===== Provided entries
lemma emitter_no_Eminus_arc:
  "finite A \<Longrightarrow> u \<in> emitters V lab A \<Longrightarrow> (u, w) \<notin> A"
  using ET_keeps_top_arc[of A u w lab] emitter_no_ET_arc[of A u V lab] by blast

lemma not_non_top_arc_to_emitter:
  assumes "finite A" and "u \<in> emitters V lab A"
  shows "\<not> non_top_arc lab A v u"
proof
  assume "non_top_arc lab A v u"
  moreover have "outdeg A u = 0"
    using outdeg_eq_0_iff[OF assms(1)] emitter_no_Eminus_arc[OF assms] by blast
  ultimately have "(u, v) \<in> ET lab A" unfolding ET_def by blast
  with assms show False using emitter_no_ET_arc by blast
qed

lemma Eminus_arcD:
  assumes "valid_Eminus V lab A" and "(u, v) \<in> A"
  shows "u \<in> V" "v \<in> V" "u \<noteq> v" "{u, v} = emin V lab v"
  using assms unfolding valid_Eminus_def by auto

lemma valid_Eminus_covers_emin_edges:
  assumes "valid_Eminus V lab A" "u \<in> V" "v \<in> V" "u \<noteq> v" "{u, v} = emin V lab v"
  shows "(u, v) \<in> A \<or> (v, u) \<in> A"
proof -
  have "\<forall>u \<in> V. \<forall>v \<in> V. u \<noteq> v \<and> {u, v} = emin V lab v \<longrightarrow>
      (if emin V lab u = {u, v} then ((u, v) \<in> A \<longleftrightarrow> (v, u) \<notin> A) else (u, v) \<in> A)"
    using assms(1) unfolding valid_Eminus_def by (rule conjunct2)
  from this[rule_format, OF assms(2,3)] assms(4,5) show ?thesis by (auto split: if_splits)
qed

lemma finite_Eminus:
  assumes "finite V" and "valid_Eminus V lab A"
  shows "finite A"
proof -
  have "A \<subseteq> V \<times> V" using Eminus_arcD[OF assms(2)] by auto
  then show ?thesis using assms(1) finite_subset by blast
qed

lemma card_Eminus_le:
  assumes "finite V" and "valid_Eminus V lab A"
  shows "card A \<le> card V"
proof -
  have "inj_on snd A"
  proof (rule inj_onI)
    fix a b assume a: "a \<in> A" and b: "b \<in> A" and "snd a = snd b"
    then obtain u w v where ab: "a = (u, v)" "b = (w, v)" by (metis prod.collapse)
    then have "{u, v} = {w, v}" using Eminus_arcD(4)[OF assms(2)] a b by metis
    then show "a = b" using ab by (auto simp: doubleton_eq_iff)
  qed
  moreover have "snd ` A \<subseteq> V" using Eminus_arcD(2)[OF assms(2)] by auto
  ultimately show ?thesis using card_inj_on_le assms(1) by blast
qed

lemma emin_mem:
  assumes "u \<in> V" "v \<in> V" "u \<noteq> v"
  shows "emin V lab u \<in> clique_edges V" "u \<in> emin V lab u"
proof -
  have "emin V lab u \<in> clique_edges V \<and> u \<in> emin V lab u"
    unfolding emin_def
    by (rule arg_min_natI[where k = "{u, v}"]) (use assms in \<open>auto simp: clique_edges_def\<close>)
  then show "emin V lab u \<in> clique_edges V" "u \<in> emin V lab u" by blast+
qed

lemma Eminus_arc_along_emin:
  assumes "valid_Eminus V lab A" and "u \<in> V" "v \<in> V" "u \<noteq> v"
  shows "\<exists>p. (p, u) \<in> A \<or> (u, p) \<in> A"
proof -
  obtain x y where xy: "emin V lab u = {x, y}" "x \<in> V" "y \<in> V" "x \<noteq> y" "u \<in> {x, y}"
    using emin_mem[OF assms(2-4), of lab] unfolding clique_edges_def by blast
  define p where "p = (if x = u then y else x)"
  have p: "p \<in> V" "p \<noteq> u" "{p, u} = emin V lab u" using xy unfolding p_def by auto
  then show ?thesis using valid_Eminus_covers_emin_edges[OF assms(1) p(1) assms(2) p(2,3)] by blast
qed

lemma emitter_has_parent:
  assumes "finite V" "valid_Eminus V lab A" "2 \<le> card V" "u \<in> emitters V lab A"
  shows "\<exists>p \<in> V - emitters V lab A. (p, u) \<in> A"
proof -
  have finA: "finite A" using finite_Eminus assms(1,2) .
  have uV: "u \<in> V" using assms(4) unfolding emitters_def by blast
  have "card (V - {u}) = card V - 1" using uV by (simp add: card_Diff_singleton)
  then have "V - {u} \<noteq> {}" using assms(3) by (intro notI) simp
  then obtain v where "v \<in> V" "u \<noteq> v" by blast
  then obtain p where "(p, u) \<in> A \<or> (u, p) \<in> A"
    using Eminus_arc_along_emin[OF assms(2) uV] by blast
  then have pu: "(p, u) \<in> A" using emitter_no_Eminus_arc[OF finA assms(4)] by blast
  then have "p \<notin> emitters V lab A" using emitter_no_Eminus_arc[OF finA] by blast
  then show ?thesis using Eminus_arcD(1)[OF assms(2) pu] pu by blast
qed

lemma simple_temporal_clique_adjacent_labels_differ:
  assumes "simple_temporal_clique V lab" "p \<in> V" "u \<in> V" "w \<in> V" "p \<noteq> u" "p \<noteq> w" "u \<noteq> w"
  shows "lab {p, u} \<noteq> lab {p, w}"
proof -
  have simple: "\<forall>e \<in> clique_edges V. \<forall>f \<in> clique_edges V. e \<noteq> f \<and> e \<inter> f \<noteq> {} \<longrightarrow> lab e \<noteq> lab f"
    using assms(1) unfolding simple_temporal_clique_def by (rule conjunct2)
  have edges: "{p, u} \<in> clique_edges V" "{p, w} \<in> clique_edges V"
    using assms(2-6) unfolding clique_edges_def by blast+
  have "{p, u} \<noteq> {p, w}" using assms(7) by (simp add: doubleton_eq_iff)
  moreover have "{p, u} \<inter> {p, w} \<noteq> {}" by simp
  ultimately show ?thesis using bspec[OF bspec[OF simple edges(1)] edges(2)] by blast
qed

text \<open>Of two emitters with a common parent, the one behind the smaller label would be the target
  of a non-top arc.\<close>
lemma emitters_parent_unique:
  assumes "simple_temporal_clique V lab" "valid_Eminus V lab A"
    and "u \<in> emitters V lab A" "w \<in> emitters V lab A" "(p, u) \<in> A" "(p, w) \<in> A"
  shows "u = w"
proof (rule ccontr)
  assume "u \<noteq> w"
  have "finite V" using assms(1) by (simp add: simple_temporal_clique_def)
  then have finA: "finite A" using finite_Eminus assms(2) by blast
  have "card {u, w} \<le> outdeg A p"
    unfolding outdeg_def using assms(5,6) finite_out_neighbours[OF finA] by (intro card_mono) auto
  with \<open>u \<noteq> w\<close> have deg: "2 \<le> outdeg A p" by simp
  have "lab {p, u} \<noteq> lab {p, w}"
    using Eminus_arcD[OF assms(2) assms(5)] Eminus_arcD[OF assms(2) assms(6)] \<open>u \<noteq> w\<close>
    by (intro simple_temporal_clique_adjacent_labels_differ[OF assms(1)]) simp_all
  then consider "lab {p, u} < lab {p, w}" | "lab {p, w} < lab {p, u}" by linarith
  then have "non_top_arc lab A p u \<or> non_top_arc lab A p w"
    using assms(5,6) deg unfolding non_top_arc_def by cases blast+
  then show False using not_non_top_arc_to_emitter[OF finA] assms(3,4) by blast
qed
==========
Each line in the listing above from the one containing "Eminus_arcD(2)[OF assms(2)] by auto" through the one containing "using emin_mem[OF assms(2-4), of" should be repeated exactly, and no other line.

  moreover have "snd ` A \<subseteq> V" using Eminus_arcD(2)[OF assms(2)] by auto
  ultimately show ?thesis using card_inj_on_le assms(1) by blast
qed

lemma emin_mem:
  assumes "u \<in> V" "v \<in> V" "u \<noteq> v"
  shows "emin V lab u \<in> clique_edges V" "u \<in> emin V lab u"
proof -
  have "emin V lab u \<in> clique_edges V \<and> u \<in> emin V lab u"
    unfolding emin_def
    by (rule arg_min_natI[where k = "{u, v}"]) (use assms in \<open>auto simp: clique_edges_def\<close>)
  then show "emin V lab u \<in> clique_edges V" "u \<in> emin V lab u" by blast+
qed

lemma Eminus_arc_along_emin:
  assumes "valid_Eminus V lab A" and "u \<in> V" "v \<in> V" "u \<noteq> v"
  shows "\<exists>p. (p, u) \<in> A \<or> (u, p) \<in> A"
proof -
  obtain x y where xy: "emin V lab u = {x, y}" "x \<in> V" "y \<in> V" "x \<noteq> y" "u \<in> {x, y}"
    using emin_mem[OF assms(2-4), of lab] unfolding clique_edges_def by blast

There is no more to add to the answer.